In seven postoperative patients the effects of changes in mean aortic pressure on the reliability of cardiac output determination from the aortic pressure curve by the method of Wesseling et al. [8] were tested. Reference cardiac output (CO) was measured by thermal dilution technique. The wave impedance Zo, needed for the "contour method" of Wesseling, was derived from the initial CO-determinations. Overall correlation of both methods was good with a correlation coefficient of 4 = 0.8740. The percentage error of the contour method was -4.59 +/- 25.01%. In 4 of 7 patients there was an individual differing effect of pressure changes on the impedance Zo and by this on the error of the method. 1/Zo was clearly correlated to mean aortic pressure (r = -0.4021 to r = -0.8381). To examine the reliability of contour method also in great variations of mean aortic pressure additionally 6 aortic vessels of dogs and 1 human aortic vessel were tested in a perfusion model. In all cases increase of blood pressure was followed by a systematic failure of the contour method between +77% and +1112%. Corresponding to the mean pressure the individual failure curves were of exponential character. 1/Zo and mean aortic pressure showed high negative correlation coefficients (r = -0.9056 to r = -0.9923).
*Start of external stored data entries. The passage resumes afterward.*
(* Let $V\in(\mathbb{R}\cup\{-\infty\})^{n\times p}$ have no row and no column identically equal to $-\infty$, and let $T$ be the operator $$T_i(x)=\inf_{k\in[p],\,(i,k)\in E}\Big[-V_{ik}+\max_{j\in[n],\,j\neq i}(V_{jk}+x_j)\Big],\qquad i\in[n],$$ with $E=\{(i,k): V_{ik}\neq-\infty\}$. Then for all $\lambda\in[-\infty,0]$ and all $a\in\mathbb{R}^n$, $$B(-a,-\lambda)\subset\operatorname{Col}(V)\iff T(a)\le \lambda+a.$$
   Context: $\mathbb{R}_{\max}=\mathbb{R}\cup\{-\infty\}$, with $-\infty+c=-\infty$ and the maximum of an empty family equal to $-\infty$; $\lambda+a$ denotes $(\lambda+a_i)_i$ (so $-\infty+a$ is the identically $-\infty$ vector). $\operatorname{Col}(V)=\{Vx:x\in\mathbb{R}_{\max}^p\}$ with $(Vx)_i=\max_k(V_{ik}+x_k)$. Hilbert's projective metric: $d(x,y)=\inf\{\lambda-\mu:\lambda,\mu\in\mathbb{R},\ \mu+y_i\le x_i\le\lambda+y_i\ \forall i\}\in[0,+\infty]$. For $c\in\mathbb{R}^n$ and $r\in[0,+\infty]$, $B(c,r)=\{x\in\mathbb{R}_{\max}^n: d(c,x)\le r\}$ (so $B(c,+\infty)=\mathbb{R}^n$). *)

theory Defs
  imports "HOL-Analysis.Analysis" "HOL-Library.Extended_Real"
begin

text \<open>Max-plus semiring R_max = R \<union> {-\<infinity>}, modelled inside ereal as values \<noteq> \<infinity>.
The maximum of an empty family is Sup {} = -\<infinity>.\<close>

definition rmax_vec :: "('n \<Rightarrow> ereal) \<Rightarrow> bool" where
  "rmax_vec x \<longleftrightarrow> (\<forall>i. x i \<noteq> \<infinity>)"

definition rmax_mat :: "('n \<Rightarrow> 'p \<Rightarrow> ereal) \<Rightarrow> bool" where
  "rmax_mat V \<longleftrightarrow> (\<forall>i k. V i k \<noteq> \<infinity>)"

definition mp_mult :: "('n \<Rightarrow> 'p::finite \<Rightarrow> ereal) \<Rightarrow> ('p \<Rightarrow> ereal) \<Rightarrow> 'n \<Rightarrow> ereal" where
  "mp_mult V x = (\<lambda>i. SUP k. V i k + x k)"

definition Col :: "('n \<Rightarrow> 'p::finite \<Rightarrow> ereal) \<Rightarrow> ('n \<Rightarrow> ereal) set" where
  "Col V = {mp_mult V x | x. rmax_vec x}"

text \<open>Hilbert's projective metric, value in [0,+\<infinity>] (Inf {} = +\<infinity>).\<close>
definition hilbert_d :: "('n \<Rightarrow> ereal) \<Rightarrow> ('n \<Rightarrow> ereal) \<Rightarrow> ereal" where
  "hilbert_d x y = Inf {ereal (l - m) | l m :: real.
      \<forall>i. ereal m + y i \<le> x i \<and> x i \<le> ereal l + y i}"

text \<open>Ball B(c,r) for c real and r \<in> [0,+\<infinity>]; following the convention
B(c,+\<infinity>) = R^n, the ball consists of finite vectors (for finite r this is automatic).\<close>
definition hball :: "('n \<Rightarrow> real) \<Rightarrow> ereal \<Rightarrow> ('n \<Rightarrow> ereal) set" where
  "hball c r = {x. (\<forall>i. x i \<noteq> \<infinity> \<and> x i \<noteq> -\<infinity>) \<and> hilbert_d (\<lambda>i. ereal (c i)) x \<le> r}"

definition opT :: "('n \<Rightarrow> 'p \<Rightarrow> ereal) \<Rightarrow> ('n \<Rightarrow> ereal) \<Rightarrow> 'n \<Rightarrow> ereal" where
  "opT V x = (\<lambda>i. INF k \<in> {k. V i k \<noteq> -\<infinity>}.
       - V i k + (SUP j \<in> {j. j \<noteq> i}. V j k + x j))"

end

theory Submission
  imports Defs
begin

text \<open>A finite vector x lies in Col V iff every coordinate i has a column k that supports x
there: V_jk + x_i \<le> V_ik + x_j for all j, i.e. x dominates a translate of column k and touches
it at i. By attainment of the finite infimum, T_i(a) \<le> \<lambda> + a_i says exactly that some column
supports a at i with slack -\<lambda> against every other coordinate. A point x of the ball deviates from
-a by at most -\<lambda> in Hilbert's metric, so this slack makes the same column support x; conversely,
applying the characterization to the points -a + r e_i with 0 \<le> r \<le> -\<lambda> gives
T_i(a) \<le> a_i - r for all such r, which for \<lambda> = -\<infinity> forces T_i(a) = -\<infinity>.\<close>

lemma hilbert_d_real:
  fixes c x :: "'n::finite \<Rightarrow> real"
  shows "hilbert_d (\<lambda>i. ereal (c i)) (\<lambda>i. ereal (x i)) =
           ereal ((MAX i. c i - x i) - (MIN i. c i - x i))" (is "?d = ereal (?M - ?m)")
proof (rule antisym)
  have "?m \<le> c i - x i" "c i - x i \<le> ?M" for i
    by (simp_all add: Min_le Max_ge)
  then have "\<forall>i. ereal ?m + ereal (x i) \<le> ereal (c i) \<and> ereal (c i) \<le> ereal ?M + ereal (x i)"
    by (auto simp: algebra_simps)
  then show "?d \<le> ereal (?M - ?m)"
    unfolding hilbert_d_def by (intro Inf_lower) blast
next
  show "ereal (?M - ?m) \<le> ?d"
    unfolding hilbert_d_def
  proof (rule Inf_greatest, clarsimp)
    fix l m :: real
    assume "\<forall>i. m + x i \<le> c i \<and> c i \<le> l + x i"
    then have "?M \<le> l" "m \<le> ?m"
      by (auto simp: Max_le_iff Min_ge_iff algebra_simps)
    then show "?M - ?m \<le> l - m"
      by linarith
  qed
qed

lemma hilbert_d_real_le_iff:
  fixes c x :: "'n::finite \<Rightarrow> real"
  shows "hilbert_d (\<lambda>i. ereal (c i)) (\<lambda>i. ereal (x i)) \<le> r \<longleftrightarrow>
           (\<forall>i j. ereal ((c j - x j) - (c i - x i)) \<le> r)"
proof -
  have "(MAX i. c i - x i) \<in> range (\<lambda>i. c i - x i)" "(MIN i. c i - x i) \<in> range (\<lambda>i. c i - x i)"
    by (simp_all add: Max_in Min_in)
  then obtain jmax imin where
    jmax: "(MAX i. c i - x i) = c jmax - x jmax" and imin: "(MIN i. c i - x i) = c imin - x imin"
    by blast
  have "(c j - x j) - (c i - x i) \<le> (MAX i. c i - x i) - (MIN i. c i - x i)" for i j
    using Max_ge[of "range (\<lambda>i. c i - x i)"] Min_le[of "range (\<lambda>i. c i - x i)"]
    by (simp add: diff_mono)
  then show ?thesis
    unfolding hilbert_d_real using jmax imin by (metis ereal_less_eq(3) order_trans)
qed

lemma mem_hball_iff:
  fixes c :: "'n::finite \<Rightarrow> real"
  shows "x \<in> hball c r \<longleftrightarrow>
           (\<exists>y. x = (\<lambda>i. ereal (y i)) \<and> (\<forall>i j. ereal ((c j - y j) - (c i - y i)) \<le> r))"
proof
  assume x: "x \<in> hball c r"
  define y where "y i = real_of_ereal (x i)" for i
  have "x = (\<lambda>i. ereal (y i))"
    using x unfolding hball_def y_def by (auto simp: fun_eq_iff ereal_real)
  with x show "\<exists>y. x = (\<lambda>i. ereal (y i)) \<and> (\<forall>i j. ereal ((c j - y j) - (c i - y i)) \<le> r)"
    unfolding hball_def by (auto simp: hilbert_d_real_le_iff)
qed (auto simp: hball_def hilbert_d_real_le_iff)

lemma supporting_column_if_mem_Col:
  fixes V :: "'n \<Rightarrow> 'p::finite \<Rightarrow> ereal" and x :: "'n \<Rightarrow> real"
  assumes "rmax_mat V" and "(\<lambda>i. ereal (x i)) \<in> Col V"
  obtains k where "V i k \<noteq> -\<infinity>" and "\<And>j. V j k + ereal (x i) \<le> V i k + ereal (x j)"
proof -
  obtain z where "rmax_vec z" and x_eq: "\<And>j. ereal (x j) = (SUP k. V j k + z k)"
    using assms(2) unfolding Col_def mp_mult_def by (auto simp: fun_eq_iff)
  have "(SUP k. V i k + z k) = (MAX k. V i k + z k)"
    by (rule cSup_eq_Max) auto
  also have "\<dots> \<in> range (\<lambda>k. V i k + z k)"
    by (rule Max_in) auto
  finally obtain k where k: "V i k + z k = ereal (x i)"
    using x_eq[of i] by auto
  have "V i k \<noteq> -\<infinity>"
    using k \<open>rmax_vec z\<close> by (cases "z k") (auto simp: rmax_vec_def)
  moreover have "V j k + ereal (x i) \<le> V i k + ereal (x j)" for j
  proof -
    have "V j k + ereal (x i) = V i k + (V j k + z k)"
      by (simp add: k[symmetric] ac_simps)
    also have "\<dots> \<le> V i k + ereal (x j)"
      unfolding x_eq[of j] by (intro add_left_mono SUP_upper) simp
    finally show ?thesis .
  qed
  ultimately show ?thesis
    using that by blast
qed

lemma mem_Col_if_supporting_columns:
  fixes V :: "'n \<Rightarrow> 'p::finite \<Rightarrow> ereal" and x :: "'n \<Rightarrow> real"
  assumes V: "rmax_mat V" and cols: "\<forall>k. \<exists>i. V i k \<noteq> -\<infinity>"
    and supp: "\<And>i. \<exists>k. V i k \<noteq> -\<infinity> \<and> (\<forall>j. V j k + ereal (x i) \<le> V i k + ereal (x j))"
  shows "(\<lambda>i. ereal (x i)) \<in> Col V"
proof -
  \<comment> \<open>the residuated (greatest) preimage: the largest z with V z \<le> x\<close>
  define z where "z k = (INF j. ereal (x j) - V j k)" for k
  have z_le: "z k \<le> ereal (x j) - V j k" for j k
    unfolding z_def by (rule INF_lower) simp
  have z_fin: "z k \<noteq> \<infinity>" for k
  proof -
    obtain j where "V j k \<noteq> -\<infinity>"
      using cols by blast
    with z_le[of k j] V show ?thesis
      by (cases "V j k") (auto simp: rmax_mat_def)
  qed
  have "(SUP k. V i k + z k) = ereal (x i)" for i
  proof (rule antisym)
    show "(SUP k. V i k + z k) \<le> ereal (x i)"
    proof (rule SUP_least)
      fix k
      show "V i k + z k \<le> ereal (x i)"
        using z_le[of k i] z_fin[of k] V
        by (cases "V i k"; cases "z k") (auto simp: rmax_mat_def)
    qed
  next
    obtain k where k: "V i k \<noteq> -\<infinity>" "\<And>j. V j k + ereal (x i) \<le> V i k + ereal (x j)"
      using supp by blast
    then obtain v where v: "V i k = ereal v"
      using V by (cases "V i k") (auto simp: rmax_mat_def)
    have "ereal (x i - v) \<le> z k"
      unfolding z_def
    proof (rule INF_greatest)
      fix j
      show "ereal (x i - v) \<le> ereal (x j) - V j k"
        using k(2)[of j] v V by (cases "V j k") (auto simp: rmax_mat_def)
    qed
    then have "ereal (x i) \<le> V i k + z k"
      using v z_fin[of k] by (cases "z k") auto
    also have "\<dots> \<le> (SUP k. V i k + z k)"
      by (rule SUP_upper) simp
    finally show "ereal (x i) \<le> (SUP k. V i k + z k)" .
  qed
  moreover have "rmax_vec z"
    using z_fin by (simp add: rmax_vec_def)
  ultimately show ?thesis
    unfolding Col_def mp_mult_def by (auto simp: fun_eq_iff intro!: exI[of _ z])
qed

lemma opT_le_iff:
  fixes V :: "'n \<Rightarrow> 'p::finite \<Rightarrow> ereal"
  assumes V: "rmax_mat V" and row: "\<exists>k. V i k \<noteq> -\<infinity>"
  shows "opT V x i \<le> L \<longleftrightarrow> (\<exists>k. V i k \<noteq> -\<infinity> \<and> (\<forall>j. j \<noteq> i \<longrightarrow> V j k + x j \<le> L + V i k))"
proof -
  define K where "K = {k. V i k \<noteq> -\<infinity>}"
  define g where "g k = - V i k + (SUP j \<in> {j. j \<noteq> i}. V j k + x j)" for k
  have g_le_iff: "g k \<le> L \<longleftrightarrow> (\<forall>j. j \<noteq> i \<longrightarrow> V j k + x j \<le> L + V i k)" if k: "k \<in> K" for k
  proof -
    obtain v where "V i k = ereal v"
      using V k unfolding K_def by (cases "V i k") (auto simp: rmax_mat_def)
    moreover have "- ereal v + S \<le> L \<longleftrightarrow> S \<le> L + ereal v" for S
      by (cases S; cases L) auto
    ultimately show ?thesis
      unfolding g_def by (simp add: SUP_le_iff)
  qed
  have "opT V x i = Min (g ` K)"
    unfolding opT_def g_def[symmetric] K_def[symmetric] using row
    by (intro cInf_eq_Min) (auto simp: K_def)
  also have "\<dots> \<le> L \<longleftrightarrow> (\<exists>k\<in>K. g k \<le> L)"
    using row by (subst Min_le_iff) (auto simp: K_def)
  finally show ?thesis
    using g_le_iff by (auto simp: K_def)
qed

lemma ereal_le_add_if_le_diff:
  fixes y lam :: ereal
  assumes "lam \<le> 0" and le: "\<And>r. 0 \<le> r \<Longrightarrow> ereal r \<le> - lam \<Longrightarrow> y \<le> ereal (c - r)"
  shows "y \<le> lam + ereal c"
proof (cases lam)
  case (real l)
  then show ?thesis
    using assms le[of "- l"] by (simp add: add.commute)
next
  case MInf
  have "y \<le> ereal B" for B
    using le[of "max 0 (c - B)"] MInf by (simp add: order_trans)
  then show ?thesis
    using MInf ereal_bot by simp
qed (use assms in simp)

lemma hball_subset_Col_if_opT_le:
  fixes V :: "'n::finite \<Rightarrow> 'p::finite \<Rightarrow> ereal" and a :: "'n \<Rightarrow> real"
  assumes V: "rmax_mat V" and rows: "\<forall>i. \<exists>k. V i k \<noteq> -\<infinity>" and cols: "\<forall>k. \<exists>i. V i k \<noteq> -\<infinity>"
    and opT_le: "\<forall>i. opT V (\<lambda>j. ereal (a j)) i \<le> lam + ereal (a i)"
  shows "hball (\<lambda>i. - a i) (- lam) \<subseteq> Col V"
proof
  fix x
  assume "x \<in> hball (\<lambda>i. - a i) (- lam)"
  then obtain y where x: "x = (\<lambda>i. ereal (y i))"
    and dist: "\<And>i j. ereal ((- a j - y j) - (- a i - y i)) \<le> - lam"
    by (auto simp: mem_hball_iff)
  have "\<exists>k. V i k \<noteq> -\<infinity> \<and> (\<forall>j. V j k + ereal (y i) \<le> V i k + ereal (y j))" for i
  proof -
    obtain k where k: "V i k \<noteq> -\<infinity>"
      and k_le: "\<And>j. j \<noteq> i \<Longrightarrow> V j k + ereal (a j) \<le> lam + ereal (a i) + V i k"
      using opT_le[rule_format, of i] unfolding opT_le_iff[OF V rows[rule_format]] by blast
    have "V j k + ereal (y i) \<le> V i k + ereal (y j)" for j
    proof (cases "j = i")
      case False
      then show ?thesis
        using k k_le[OF False] dist[of i j] dist[of j i] V
        by (cases "V j k"; cases "V i k"; cases lam) (auto simp: rmax_mat_def)
    qed simp
    with k show ?thesis
      by blast
  qed
  then show "x \<in> Col V"
    unfolding x by (rule mem_Col_if_supporting_columns[OF V cols])
qed

lemma opT_le_if_hball_subset_Col:
  fixes V :: "'n::finite \<Rightarrow> 'p::finite \<Rightarrow> ereal" and a :: "'n \<Rightarrow> real"
  assumes V: "rmax_mat V" and row: "\<exists>k. V i k \<noteq> -\<infinity>" and "lam \<le> 0"
    and sub: "hball (\<lambda>i. - a i) (- lam) \<subseteq> Col V"
  shows "opT V (\<lambda>j. ereal (a j)) i \<le> lam + ereal (a i)"
proof (rule ereal_le_add_if_le_diff[OF \<open>lam \<le> 0\<close>])
  fix r :: real
  assume "0 \<le> r" and r_le: "ereal r \<le> - lam"
  define y where "y j = - a j + (if j = i then r else 0)" for j
  have "ereal ((- a j - y j) - (- a i' - y i')) \<le> - lam" for i' j
    by (rule order_trans[OF _ r_le]) (use \<open>0 \<le> r\<close> in \<open>simp add: y_def\<close>)
  then have "(\<lambda>j. ereal (y j)) \<in> hball (\<lambda>j. - a j) (- lam)"
    unfolding mem_hball_iff by blast
  with sub obtain k where k: "V i k \<noteq> -\<infinity>" and k_le: "\<And>j. V j k + ereal (y i) \<le> V i k + ereal (y j)"
    using supporting_column_if_mem_Col[OF V] by blast
  have "V j k + ereal (a j) \<le> ereal (a i - r) + V i k" if "j \<noteq> i" for j
    using k_le[of j] that k V by (cases "V j k"; cases "V i k") (auto simp: y_def rmax_mat_def)
  with k show "opT V (\<lambda>j. ereal (a j)) i \<le> ereal (a i - r)"
    using opT_le_iff[OF V row] by blast
qed

theorem lemma3p4:
  fixes V :: "'n::finite \<Rightarrow> 'p::finite \<Rightarrow> ereal"
    and lam :: ereal and a :: "'n \<Rightarrow> real"
  assumes "rmax_mat V"
    and "\<forall>i. \<exists>k. V i k \<noteq> -\<infinity>"
    and "\<forall>k. \<exists>i. V i k \<noteq> -\<infinity>"
    and "lam \<le> 0"
  shows "hball (\<lambda>i. - a i) (- lam) \<subseteq> Col V \<longleftrightarrow>
         (\<forall>i. opT V (\<lambda>j. ereal (a j)) i \<le> lam + ereal (a i))"
proof
  assume "hball (\<lambda>i. - a i) (- lam) \<subseteq> Col V"
  then show "\<forall>i. opT V (\<lambda>j. ereal (a j)) i \<le> lam + ereal (a i)"
    using opT_le_if_hball_subset_Col assms(1,2,4) by blast
next
  assume "\<forall>i. opT V (\<lambda>j. ereal (a j)) i \<le> lam + ereal (a i)"
  then show "hball (\<lambda>i. - a i) (- lam) \<subseteq> Col V"
    by (rule hball_subset_Col_if_opT_le[OF assms(1-3)])
qed

end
The pressure dependent changes of the impedance Zo were comparable to the corresponding changes of volume elasticity coefficients. Subsequently for every vessel and patient respectively an estimation function for pressure dependent impedance Zo was calculated by use of two CO-determinations at different pressure levels. The correction of Zo by these functions resulted in a considerable reduction of the pressure dependent failure.

摘要

在7例术后患者中,测试了平均主动脉压变化对采用韦塞尔林等人[8]的方法从主动脉压力曲线测定心输出量可靠性的影响。通过热稀释技术测量参考心输出量(CO)。韦塞尔林“轮廓法”所需的波阻抗Zo由最初的心输出量测定得出。两种方法的总体相关性良好,相关系数为4 = 0.8740。轮廓法的百分比误差为-4.59 +/- 25.01%。7例患者中有4例,压力变化对阻抗Zo以及由此对该方法误差有个体差异效应。1/Zo与平均主动脉压明显相关(r = -0.4021至r = -0.8381)。为了在平均主动脉压变化很大的情况下也检验轮廓法的可靠性,还在灌注模型中测试了6只狗的主动脉血管和1条人类主动脉血管。在所有情况下,血压升高后,轮廓法都会出现系统性失败,失败率在+77%至+1112%之间。对应于平均压力,个体失败曲线呈指数特征。1/Zo与平均主动脉压显示出高负相关系数(r = -0.9056至r = -0.9923)。阻抗Zo的压力依赖性变化与体积弹性系数的相应变化相当。随后,分别针对每个血管和患者,通过在不同压力水平下进行两次心输出量测定,计算出压力依赖性阻抗Zo的估计函数。用这些函数对Zo进行校正后,压力依赖性失败显著降低。